[Saved entries]
text \<open>The idempotent mgus of the arguments can be merged because linearity and
  variable-disjointness make their domains disjoint.\<close>
lemma args_imgu:
  assumes lin: "linear_term (Fun f ss)" "linear_term (Fun f ts)"
    and disj: "vars (Fun f ss) \<inter> vars (Fun f ts) = {}" and len: "length ts = length ss"
    and \<Theta>: "\<And>i. i < length ss \<Longrightarrow> is_imgu (\<Theta> i) (ss ! i) (ts ! i)"
  shows "\<exists>\<theta>. is_imgu \<theta> (Fun f ss) (Fun f ts)"
proof -
  define V where "V i = vars (ss ! i) \<union> vars (ts ! i)" for i
  have "\<forall>i \<in> {..<length ss}. \<forall>j \<in> {..<length ss}. i \<noteq> j \<longrightarrow> V i \<inter> V j = {}"
  proof (intro ballI impI)
    fix i j
    assume "i \<in> {..<length ss}" "j \<in> {..<length ss}" "i \<noteq> j"
    then have ij: "i < length ss" "j < length ss" "i \<noteq> j" by simp_all
    have "vars (ss ! i) \<inter> vars (ss ! j) = {}" "vars (ts ! i) \<inter> vars (ts ! j) = {}"
      using lin ij len by simp_all
    moreover have "vars (ss ! k) \<subseteq> vars (Fun f ss)" "vars (ts ! k) \<subseteq> vars (Fun f ts)"
      if "k < length ss" for k
    proof -
      have "ss ! k \<in> set ss" "ts ! k \<in> set ts"
        using that len by simp_all
      then show "vars (ss ! k) \<subseteq> vars (Fun f ss)" "vars (ts ! k) \<subseteq> vars (Fun f ts)"
        by auto
    qed
    ultimately show "V i \<inter> V j = {}"
      using ij disj unfolding V_def by blast
  qed
  then obtain \<theta> where \<theta>_arg: "\<And>i x. i \<in> {..<length ss} \<Longrightarrow> x \<in> V i \<Longrightarrow> \<theta> x = \<Theta> i x"
    and \<theta>_out: "\<And>x. x \<notin> (\<Union>i \<in> {..<length ss}. V i) \<Longrightarrow> \<theta> x = Var x"
    by (rule merge_on_disjoint_family[where f = \<Theta> and g = Var]) blast
  have "ss ! i \<cdot> \<theta> = ss ! i \<cdot> \<Theta> i" "ts ! i \<cdot> \<theta> = ts ! i \<cdot> \<Theta> i" if "i < length ss" for i
    using that \<theta>_arg by (auto intro!: subst_cong simp: V_def)
  then have "Fun f ss \<cdot> \<theta> = Fun f ts \<cdot> \<theta>"
    unfolding subst_Fun_eq_iff using \<Theta> len by (simp add: is_imgu_def)
  moreover have "\<theta> x \<cdot> \<tau> = \<tau> x" if "Fun f ss \<cdot> \<tau> = Fun f ts \<cdot> \<tau>" for \<tau> x
  proof (cases "x \<in> (\<Union>i \<in> {..<length ss}. V i)")
    case True
    then obtain i where "i < length ss" "x \<in> V i" by blast
    then show ?thesis
      using \<Theta> \<theta>_arg that[unfolded subst_Fun_eq_iff] by (simp add: is_imgu_def subst_compose_eq_iff)
  qed (simp add: \<theta>_out)
  ultimately show ?thesis
    unfolding is_imgu_def subst_compose_eq_iff by blast
qed

lemma linear_terms_imgu:
  assumes "linear_term s" "linear_term t" "vars s \<inter> vars t = {}" "s \<cdot> \<tau> = t \<cdot> \<tau>"
  shows "\<exists>\<theta>. is_imgu \<theta> s t"
  using assms
proof (induction s arbitrary: t \<tau>)
  case (Var x)
  then show ?case using Var_imgu by fastforce
next
  case (Fun f ss)
  show ?case
  proof (cases t)
    case (Var y)
    then show ?thesis
      using Var_imgu[of y "Fun f ss"] Fun.prems(3) is_imgu_sym by fastforce
  next
    case (Fun g ts)
    have "g = f" and len: "length ts = length ss"
      and args: "\<And>i. i < length ss \<Longrightarrow> ss ! i \<cdot> \<tau> = ts ! i \<cdot> \<tau>"
      using Fun.prems(4) unfolding \<open>t = Fun g ts\<close> subst_Fun_eq_iff by simp_all
    have "\<exists>\<theta>. is_imgu \<theta> (ss ! i) (ts ! i)" if i: "i < length ss" for i
    proof (rule Fun.IH)
      have "ss ! i \<in> set ss" "ts ! i \<in> set ts"
        using i len by simp_all
      then show "linear_term (ss ! i)" "linear_term (ts ! i)" "vars (ss ! i) \<inter> vars (ts ! i) = {}"
        using Fun.prems(1-3) \<open>t = Fun g ts\<close> by auto
    qed (use i args in auto)
    then obtain \<Theta> where "\<And>i. i < length ss \<Longrightarrow> is_imgu (\<Theta> i) (ss ! i) (ts ! i)"
      by metis
    then show ?thesis
      using args_imgu[OF Fun.prems(1) _ _ len] Fun.prems(2,3) \<open>t = Fun g ts\<close> \<open>g = f\<close> by blast
  qed
qed

lemma parallel_overlap_mgu:
  fixes l :: "('f, 'v) term" and ls :: "pos \<Rightarrow> ('f, 'v) term"
  assumes lin: "linear_term l" and Q: "distinct Q" "set Q \<subseteq> poss l" "pairwise_parallel Q"
    and lin_ls: "\<And>p. p \<in> set Q \<Longrightarrow> linear_term (ls p)"
    and disj_l: "\<And>p. p \<in> set Q \<Longrightarrow> vars (ls p) \<inter> vars l = {}"
    and disj_ls: "\<And>p q. p \<in> set Q \<Longrightarrow> q \<in> set Q \<Longrightarrow> p \<noteq> q \<Longrightarrow> vars (ls p) \<inter> vars (ls q) = {}"
    and unif: "is_unifier \<tau> {(ls p, l |_ p) | p. p \<in> set Q}"
  obtains \<theta> where "is_mgu \<theta> {(ls p, l |_ p) | p. p \<in> set Q}"
    and "\<And>\<tau>'. is_unifier \<tau>' {(ls p, l |_ p) | p. p \<in> set Q} \<Longrightarrow> subst_compose \<theta> \<tau>' = \<tau>'"
proof -
  let ?E = "{(ls p, l |_ p) | p. p \<in> set Q}"
  \<comment> \<open>the equations are solved simultaneously as one equation under an arbitrary common root symbol\<close>
  define S where "S = Fun undefined (map ls Q)"
  define T where "T = Fun undefined (map (\<lambda>p. l |_ p) Q)"
  have unif_iff: "is_unifier \<tau>' ?E \<longleftrightarrow> S \<cdot> \<tau>' = T \<cdot> \<tau>'" for \<tau>'
    unfolding is_unifier_def S_def T_def by (auto simp: map_eq_conv)
  have Q_nth: "Q ! i \<noteq> Q ! j" "Q ! i \<in> set Q" "Q ! j \<in> set Q"
    if "i < length Q" "j < length Q" "i \<noteq> j" for i j
    using that Q(1) by (simp_all add: nth_eq_iff_index_eq)
  have "linear_term S"
    using lin_ls disj_ls Q_nth unfolding S_def by auto
  moreover have "vars (l |_ (Q ! i)) \<inter> vars (l |_ (Q ! j)) = {}"
    if "i < length Q" "j < length Q" "i \<noteq> j" for i j
    using Q(2,3) that Q_nth[OF that]
    by (intro linear_term_parallel_vars_disjoint[OF lin]) (auto simp: pairwise_parallel_def)
  then have "linear_term T"
    using Q(2) lin by (auto simp: T_def intro: linear_term_subt_at)
  moreover have "vars S \<inter> vars T = {}"
    using disj_l vars_subt_at Q(2) unfolding S_def T_def by fastforce
  moreover have "S \<cdot> \<tau> = T \<cdot> \<tau>"
    using unif unif_iff by blast
  ultimately obtain \<theta> where "S \<cdot> \<theta> = T \<cdot> \<theta>" and \<theta>: "\<And>\<tau>'. S \<cdot> \<tau>' = T \<cdot> \<tau>' \<Longrightarrow> subst_compose \<theta> \<tau>' = \<tau>'"
    using linear_terms_imgu unfolding is_imgu_def by blast
  then have "is_mgu \<theta> ?E"
    unfolding is_mgu_def unif_iff by metis
  with \<theta> unif_iff that show ?thesis by blast
qed

lemma renamed_overlap_mgu:
  fixes lrs :: "pos \<Rightarrow> ('f, 'v) rule" and Q :: "pos list"
  defines "N \<equiv> \<Union>p \<in> set Q. vars_rule (lrs p)"
  assumes lin: "linear_term l" and Q: "distinct Q" "set Q \<subseteq> poss l" "pairwise_parallel Q"
    and lin_lrs: "\<And>p. p \<in> set Q \<Longrightarrow> linear_term (fst (lrs p))"
    and fresh: "\<And>p. p \<in> set Q \<Longrightarrow> vars_rule (lrs p) \<inter> vars l = {}"
    and apart: "\<And>p q. p \<in> set Q \<Longrightarrow> q \<in> set Q \<Longrightarrow> p \<noteq> q \<Longrightarrow> vars_rule (lrs p) \<inter> vars_rule (lrs q) = {}"
    and match: "\<And>p. p \<in> set Q \<Longrightarrow> fst (lrs p) \<cdot> \<nu> = (l |_ p) \<cdot> \<sigma>"
  obtains \<theta> where "is_mgu \<theta> {(fst (lrs p), l |_ p) | p. p \<in> set Q}"
    and "\<And>\<rho> u. (\<And>q x. q \<in> set Q \<Longrightarrow> x \<in> vars (l |_ q) \<Longrightarrow> \<rho> x = \<sigma> x) \<Longrightarrow>
      u \<cdot> \<theta> \<cdot> override_on \<rho> \<nu> N = u \<cdot> override_on \<rho> \<nu> N"
proof -
  let ?E = "{(fst (lrs p), l |_ p) | p. p \<in> set Q}"
  have unifier: "is_unifier (override_on \<rho> \<nu> N) ?E"
    if agree: "\<And>q x. q \<in> set Q \<Longrightarrow> x \<in> vars (l |_ q) \<Longrightarrow> \<rho> x = \<sigma> x" for \<rho>
  proof -
    have "fst (lrs p) \<cdot> override_on \<rho> \<nu> N = (l |_ p) \<cdot> override_on \<rho> \<nu> N" if p: "p \<in> set Q" for p
    proof -
      have "vars (l |_ p) \<inter> N = {}"
        using fresh vars_subt_at[of p l] p Q(2) unfolding N_def vars_rule_def by blast
      then have "(l |_ p) \<cdot> override_on \<rho> \<nu> N = (l |_ p) \<cdot> \<rho>"
        by (rule subst_override_on_disjoint)
      also have "\<dots> = (l |_ p) \<cdot> \<sigma>"
        using agree[OF p] by (rule subst_cong)
      moreover have "fst (lrs p) \<cdot> override_on \<rho> \<nu> N = fst (lrs p) \<cdot> \<nu>"
        using p by (intro subst_override_on_subset) (auto simp: N_def vars_rule_def)
      ultimately show ?thesis using match[OF p] by simp
    qed
    then show ?thesis unfolding is_unifier_def by blast
  qed
  obtain \<theta> where "is_mgu \<theta> ?E" and absorb: "\<And>\<tau>. is_unifier \<tau> ?E \<Longrightarrow> subst_compose \<theta> \<tau> = \<tau>"
    using parallel_overlap_mgu[OF lin Q lin_lrs _ _ unifier[of \<sigma>]] fresh apart
    unfolding vars_rule_def by blast
  then show ?thesis
    using that absorb[OF unifier] by (simp add: subst_subst_compose)
qed

section \<open>Renaming rules apart\<close>

lemma inj_on_extend_to_bij:
  assumes inj: "inj_on f A" and disj: "f ` A \<inter> A = {}"
  shows "\<exists>\<pi>. bij \<pi> \<and> (\<forall>x \<in> A. \<pi> x = f x)"
proof -
  define \<pi> where "\<pi> x = (if x \<in> A then f x else if x \<in> f ` A then the_inv_into A f x else x)" for x
  have "\<pi> (\<pi> x) = x" for x
    using disj inj unfolding \<pi>_def
    by (auto simp: the_inv_into_f_f f_the_inv_into_f the_inv_into_into)
  then have "bij \<pi>" by (intro o_bij[of \<pi>]) auto
  then show ?thesis unfolding \<pi>_def by auto
qed

lemma fresh_permutation:
  assumes "infinite (UNIV :: 'a set)" "finite A" "finite B"
  shows "\<exists>\<pi> :: 'a \<Rightarrow> 'a. bij \<pi> \<and> \<pi> ` A \<inter> B = {}"
proof -
  obtain F where F: "finite F" "card F = card A" "F \<subseteq> UNIV - (A \<union> B)"
    using infinite_arbitrarily_large[of "UNIV - (A \<union> B)" "card A"] assms by auto
  then obtain h where "bij_betw h A F"
    using finite_same_card_bij[OF assms(2) F(1)] by metis
  then have "inj_on h A" "h ` A = F" by (auto simp: bij_betw_def)
  moreover obtain \<pi> where "bij \<pi>" "\<forall>x \<in> A. \<pi> x = h x"
    using inj_on_extend_to_bij[of h A] calculation F(3) by blast
  ultimately show ?thesis
    using F(3) by (intro exI[of _ \<pi>]) (auto simp: image_iff)
qed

**ACTIVITY**
In the data above, find each line where the string "undefined" appears, then copy it.

**OUTPUT**
  define S where "S = Fun undefined (map ls Q)"
  define T where "T = Fun undefined (map (\<lambda>p. l |_ p) Q)"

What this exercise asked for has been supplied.